Every morning, Wang places an order on car-hailing apps for a ride to work. During the commute, he orders breakfast via a food ordering app. After he gets off work, Wang often buys vegetables, fish, and meat on a fresh food delivery app on his way home. And these foods are always delivered to his door by delivery people after he arrives at home.
Today, more and more Chinese people like Wang have been used to such convenience brought by the platforms empowered by digital technologies.
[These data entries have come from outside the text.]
lemma seqpav_step_gain:
  assumes "is_profile N A P" "seqpav_output N A P r"
    and "N' \<subseteq> N" "N' \<noteq> {}" "lam \<le> cohesiveness P N'"
    and "t < length r" "avg P N' (set (take t r)) < real lam"
  shows "real (card N') / (real lam + 1)
    < wscore pav_weights N P (set (take (Suc t) r)) - wscore pav_weights N P (set (take t r))"
proof -
  define S where "S = set (take t r)"
  define gain where "gain a = wscore pav_weights N P (S \<union> {a}) - wscore pav_weights N P S" for a
  have "finite N" "finite N'" "\<And>i. i \<in> N \<Longrightarrow> P i \<subseteq> A"
    using assms(1,3) finite_subset unfolding is_profile_def by auto
  have "\<not> (\<Inter>i\<in>N'. P i) \<subseteq> S"
  proof
    assume "(\<Inter>i\<in>N'. P i) \<subseteq> S"
    then have "real (cohesiveness P N') \<le> avg P N' S"
      using cohesiveness_le_avg[of N' S P] \<open>finite N'\<close> assms(4) unfolding S_def by blast
    moreover have "real lam \<le> real (cohesiveness P N')" using assms(5) by simp
    ultimately show False using assms(7) unfolding S_def by linarith
  qed
  then obtain c where c: "\<forall>i\<in>N'. c \<in> P i" "c \<notin> S" by blast
  have "c \<in> A" using c(1) \<open>N' \<noteq> {}\<close> assms(3) \<open>\<And>i. i \<in> N \<Longrightarrow> P i \<subseteq> A\<close> by blast
  have "real (card N') / (real lam + 1) < (\<Sum>i\<in>N'. 1 / (real (card (P i \<inter> S)) + 1))"
    using sum_inverse_gt_if_avg_lt \<open>finite N'\<close> assms(4,7) unfolding S_def by blast
  also have "\<dots> = (\<Sum>i\<in>N'. if c \<in> P i then 1 / (real (card (P i \<inter> S)) + 1) else 0)"
    using c(1) by simp
  also have "\<dots> \<le> (\<Sum>i\<in>N. if c \<in> P i then 1 / (real (card (P i \<inter> S)) + 1) else 0)"
    using \<open>finite N\<close> assms(3) by (intro sum_mono2) auto
  also have "\<dots> = gain c"
    using wscore_pav_insert_gain[of S c N P] c(2) unfolding gain_def S_def by simp
  also have "\<dots> \<le> gain (r ! t)"
    using assms(2,6) \<open>c \<in> A\<close> c(2)
    unfolding gain_def S_def seqpav_output_def wrav_output_def by blast
  also have "\<dots> = wscore pav_weights N P (set (take (Suc t) r)) - wscore pav_weights N P S"
    unfolding gain_def S_def using assms(6) by (simp add: take_Suc_conv_app_nth)
  finally show ?thesis unfolding S_def .
qed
Chinese e-commerce giants like JD.com and Meituan Dianping, mobile car-hailing platform Didi Chuxing, popular multi-functional social media platform WeChat, and express delivery services giant SF Express are all important participants in platform economy.
Last year, China’s internet companies and related service providers above designated size saw a total operating income of 1,283.8 billion yuan ($195.91 billion), up 12.5 percent year on year, according to data released by the country’s Ministry of Industry and Information Technology (MIIT).
The annual revenues of service providers on internet platforms totaled 428.9 billion yuan in 2020, a year-on-year growth rate of 14.8 percent, suggested data from the MIIT.
However, while bringing convenience to people’s life, the defective personal information protection mechanisms of internet platforms sometimes have brought troubles to consumers as well.
According to a report on the governance of internet platforms published by the China Academy of Information and Communications Technology (CAICT), problems that have yet been properly addressed in traditional economic activities, such as tort, counterfeit products, illegal information, and poor after-sale services, have become even more prominent in the era of the platform economy.
In addition, the emergence of some new business models and forms has caused new problems, including excessive collection of users’ personal information by some apps, contradiction and conflict between the flow and protection of data, absence of social responsibilities of platforms, as well as unreasonable practices such as forcing merchants to make a choice between different platforms, and profiteering by setting different prices for the same products or services for different consumers based on big data analysis of consumers’ shopping behaviors, as revealed by the report.
Only by strengthening standardized management while promoting development can the platform economy achieve sound and steady development, said Zhang Yansheng, chief researcher of the China Center for International Economic Exchanges (CCIEE).
Recently, China’s State Administration for Market Regulation issued a document that aims to introduce multiple measures for supervision and administration of online transactions to further clarify the responsibilities of platform operators. These measures involve requiring platform operators to verify and record information submitted by operators on their platforms and distinguish operators who have registered from those who haven’t with obvious marks; to establish an inspection and monitoring system for business activities of operators on their platforms; and to adopt measures including issuing warning and suspending or terminating services to ensure standardized operations on their platforms.
With the attributes of both market and enterprise, platforms are a crucial link in the standardized and sound development of platform economy, said Xue Jun, director of the E-Commerce Law Research Center of Peking University.
As an important regulation for implementing the e-commerce law, the document involving measures for supervision and administration of online transactions has practically enhanced the force of the e-commerce law, Xue noted.